──────── RECORDS FOR PROCESSING

(* Let $n$ and $r$ be positive integers with $n\geq (r^2+r)/2$. Then $b(\mathrm{S}_{n,r})=\left\lceil\frac{2n-2}{r+1}\right\rceil$.
   Context: $\mathrm{S}_{n,r}$ denotes the symmetric group $\mathrm{S}_n$ acting naturally on the set of $r$-element subsets of $[n]=\{1,\dots,n\}$. For a permutation group $G$ on a set $\Omega$, $b(G)$ is the minimum size of a subset of $\Omega$ whose pointwise stabiliser in $G$ is trivial. *)

theory Defs
  imports "HOL-Combinatorics.Permutations" Complex_Main
begin

definition rsubsets :: "nat \<Rightarrow> nat \<Rightarrow> nat set set" where
  "rsubsets n r = {A. A \<subseteq> {1..n} \<and> card A = r}"

definition is_base_Snr :: "nat \<Rightarrow> nat \<Rightarrow> nat set set \<Rightarrow> bool" where
  "is_base_Snr n r B \<longleftrightarrow> B \<subseteq> rsubsets n r \<and>
     (\<forall>\<sigma>. \<sigma> permutes {1..n} \<and> (\<forall>A\<in>B. \<sigma> ` A = A) \<longrightarrow> \<sigma> = id)"

definition base_size_Snr :: "nat \<Rightarrow> nat \<Rightarrow> nat" where
  "base_size_Snr n r = (LEAST k. \<exists>B. is_base_Snr n r B \<and> card B = k)"

end

theory Submission
  imports Defs
begin

text \<open>
  A set B of r-subsets of [n] is a base exactly when the map sending a point x to the set of
  members of B containing x is injective. Then at most one point lies in no member and at most
  |B| points lie in exactly one member, so double counting gives 2n \<le> |B|(r + 1) + 2.

  Conversely, let Q be a family of n distinct subsets of a k-set in which every point lies in
  exactly r members. Labelling [n] by the members of Q, each of the k points yields the r-set of
  labels of the members containing it, and these k sets form a base. For
  k = \<lceil>(2n - 2)/(r + 1)\<rceil> such a family is built from the empty set, singletons and
  the edges of a circulant graph (plus a near-matching when r is even and k odd), and then cut
  down to exactly n members by deleting the empty set or merging several singletons into one
  set. The hypothesis n \<ge> (r^2 + r)/2 ensures k \<ge> r, which the circulant needs.
\<close>

lemma sum_card_eq_sum_card_containing:
  assumes "finite V" "finite P" "\<forall>A\<in>P. A \<subseteq> V"
  shows "(\<Sum>A\<in>P. card A) = (\<Sum>x\<in>V. card {A\<in>P. x \<in> A})"
proof -
  have "(\<Sum>A\<in>P. card A) = (\<Sum>A\<in>P. card {x\<in>V. x \<in> A})"
    using assms(3) by (intro sum.cong) (auto intro: arg_cong[where f = card])
  also have "\<dots> = (\<Sum>x\<in>V. card {A\<in>P. x \<in> A})"
    unfolding card_eq_sum by (rule sum.swap_restrict[OF assms(2,1)])
  finally show ?thesis .
qed

lemma is_base_Snr_inj_on_containing:
  assumes "is_base_Snr n r B"
  shows "inj_on (\<lambda>x. {A\<in>B. x \<in> A}) {1..n}"
proof (rule inj_onI, rule ccontr)
  fix x y
  assume xy: "x \<in> {1..n}" "y \<in> {1..n}" "{A\<in>B. x \<in> A} = {A\<in>B. y \<in> A}" "x \<noteq> y"
  then have "\<forall>A\<in>B. x \<in> A \<longleftrightarrow> y \<in> A"
    by blast
  then have "\<forall>A\<in>B. transpose x y ` A = A"
    by simp
  moreover have "transpose x y permutes {1..n}"
    using xy by (intro permutes_swap_id)
  ultimately have "transpose x y = id"
    using assms unfolding is_base_Snr_def by blast
  with xy(4) show False
    by (simp add: transpose_eq_id_iff)
qed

────────────────

▶ **WORK REQUEST**
Determine how many lines in the entries hold the string "singletons". Write only the number.

▶ **ANSWER**
2